LONG BEACH, Calif. — Knives, a headless doll and videos of young kids were among the creepy possessions found in a California storage locker that once belonged to Madonna’s stalker Robert Dewey Hoskins, KCAL-TV reported.

Hoskins, 54, who was convicted of stalking the pop star in 1996 and recently tried to escape the psychiatric hospital he is currently being held in, kept his possessions in a storage facility in Long Beach until he missed his rent payments and his belongings were sold.

As well as lots of Madonna memorabilia, the new owner Jerry Licardi — who had no idea who the locker belonged to when he bought it — found a large collection of knives, a topless photo of Hoskins showing off a Madonna tattoo on his stomach, hand-written rants and photos of the singer.

He also discovered a collection of dolls — one with no head — and some home videos of young children in a school play, kids playing with a camera and a woman reading lines from a soap opera.

Investigators said they found the contents worrying as Hoskins has no known children.

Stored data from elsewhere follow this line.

(* Let $p$ be a positive integer, let $\bar J_1,\dots,\bar J_p\in\mathcal{D}(X)$, and let $\bar J(x)=\min_{i=1,\dots,p}\bar J_i(x)$ for all $x\in X$. Then $\bar J\in\mathcal{D}(X)$.
   Context: Setting: $X$ (state space) and $U$ (control space) are sets; for each $x\in X$, $U(x)\subset U$ is nonempty; $f:X\times U\to X$; the stage cost $g$ satisfies $0\le g(x,u)\le\infty$ for all $x\in X$, $u\in U(x)$. $\mathcal{E}^+(X)$ denotes the set of all functions $J:X\to[0,\infty]$. The Bellman operator $T:\mathcal{E}^+(X)\to\mathcal{E}^+(X)$ is $(TJ)(x)=\inf_{u\in U(x)}\{g(x,u)+J(f(x,u))\}$. The region of decreasing is $\mathcal{D}(X)=\{J\in\mathcal{E}^+(X): (TJ)(x)\le J(x)\ \forall x\in X\}$. Standing assumption: for every $J\in\mathcal{E}^+(X)$ and every $x\in X$, the infimum defining $(TJ)(x)$ is attained. *)

theory Defs
  imports "HOL-Library.Extended_Nonnegative_Real"
begin

text \<open>Functions J : X -> [0,\<infinity>] are modelled as J :: 'x \<Rightarrow> ennreal, where the
state space X is the type 'x. The control constraint U(x) is given by Uc x :: 'u set.\<close>

definition bellman ::
  "('x \<Rightarrow> 'u set) \<Rightarrow> ('x \<Rightarrow> 'u \<Rightarrow> 'x) \<Rightarrow> ('x \<Rightarrow> 'u \<Rightarrow> ennreal) \<Rightarrow> ('x \<Rightarrow> ennreal) \<Rightarrow> ('x \<Rightarrow> ennreal)"
  where "bellman Uc f g J = (\<lambda>x. INF u\<in>Uc x. g x u + J (f x u))"

definition region_decreasing ::
  "('x \<Rightarrow> 'u set) \<Rightarrow> ('x \<Rightarrow> 'u \<Rightarrow> 'x) \<Rightarrow> ('x \<Rightarrow> 'u \<Rightarrow> ennreal) \<Rightarrow> ('x \<Rightarrow> ennreal) set"
  where "region_decreasing Uc f g = {J. \<forall>x. bellman Uc f g J x \<le> J x}"

end

theory Submission
  imports Defs
begin

text \<open>The Bellman operator is monotone, so a pointwise infimum of functions in the region of
decreasing is mapped below each of them, hence below the infimum itself.\<close>

lemma bellman_mono:
  assumes "\<And>y. J y \<le> J' y"
  shows "bellman Uc f g J x \<le> bellman Uc f g J' x"
  unfolding bellman_def by (intro INF_mono) (use assms add_left_mono in blast)

lemma region_decreasing_INF:
  assumes "\<And>i. i \<in> I \<Longrightarrow> Jb i \<in> region_decreasing Uc f g"
  shows "(\<lambda>x. INF i\<in>I. Jb i x) \<in> region_decreasing Uc f g"
  unfolding region_decreasing_def
proof (intro CollectI allI INF_greatest)
  fix x i
  assume i: "i \<in> I"
  have "bellman Uc f g (\<lambda>y. INF i\<in>I. Jb i y) x \<le> bellman Uc f g (Jb i) x"
    by (rule bellman_mono) (use i in \<open>rule INF_lower\<close>)
  also have "\<dots> \<le> Jb i x"
    using assms[OF i] unfolding region_decreasing_def by blast
  finally show "bellman Uc f g (\<lambda>y. INF i\<in>I. Jb i y) x \<le> Jb i x" .
qed

theorem proposition3:
  fixes Uc :: "'x \<Rightarrow> 'u set" and f :: "'x \<Rightarrow> 'u \<Rightarrow> 'x" and g :: "'x \<Rightarrow> 'u \<Rightarrow> ennreal"
    and p :: nat and Jb :: "nat \<Rightarrow> 'x \<Rightarrow> ennreal" and J :: "'x \<Rightarrow> ennreal"
  assumes nonempty: "\<And>x. Uc x \<noteq> {}"
    and attained: "\<And>(J' :: 'x \<Rightarrow> ennreal) x. \<exists>u\<in>Uc x. g x u + J' (f x u) = bellman Uc f g J' x"
    and p_pos: "p \<ge> 1"
    and Jb_dec: "\<And>i. i \<in> {1..p} \<Longrightarrow> Jb i \<in> region_decreasing Uc f g"
    and J_def: "\<And>x. J x = (MIN i\<in>{1..p}. Jb i x)"
  shows "J \<in> region_decreasing Uc f g"
proof -
  have "J = (\<lambda>x. INF i\<in>{1..p}. Jb i x)"
    using p_pos by (intro ext) (simp add: J_def cInf_eq_Min)
  with Jb_dec show ?thesis
    using region_decreasing_INF by metis
qed

end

“I think the knives, the tattoo on the stomach, the photos of Madonna – this man is still focused on her and that is what concerns always,” former Los Angeles homicide detectives Sergio Robleto told KCAL-TV.

Referring to the headless doll, Robleto, now a private investigator, added, “That, to say the least, bothered me because, is he focusing on something else now? To me that meant real danger … it didn’t look good to me.”

Police took photos of the belongings but did not take any as evidence as there are no investigations against Hoskins active at present.

Hoskins, who once scaled a wall at the star’s Hollywood home and threatened to cut her throat from ear to ear, escaped from a psychiatric hospital earlier in February. He was nabbed near the Norwalk, Calif., facility from which he escaped.

Police described him as “a very psychotic man when not taking his medication” with “very violent tendencies.”

He was jailed for 10 years in 1996 and after his release was transferred to a hospital where he was determined to be a “mentally disturbed offender,” police said.

Last July, about a year after his release from that hospital, he was arrested again and sent to the Metropolitan State Hospital in Norwalk, southeast of Los Angeles.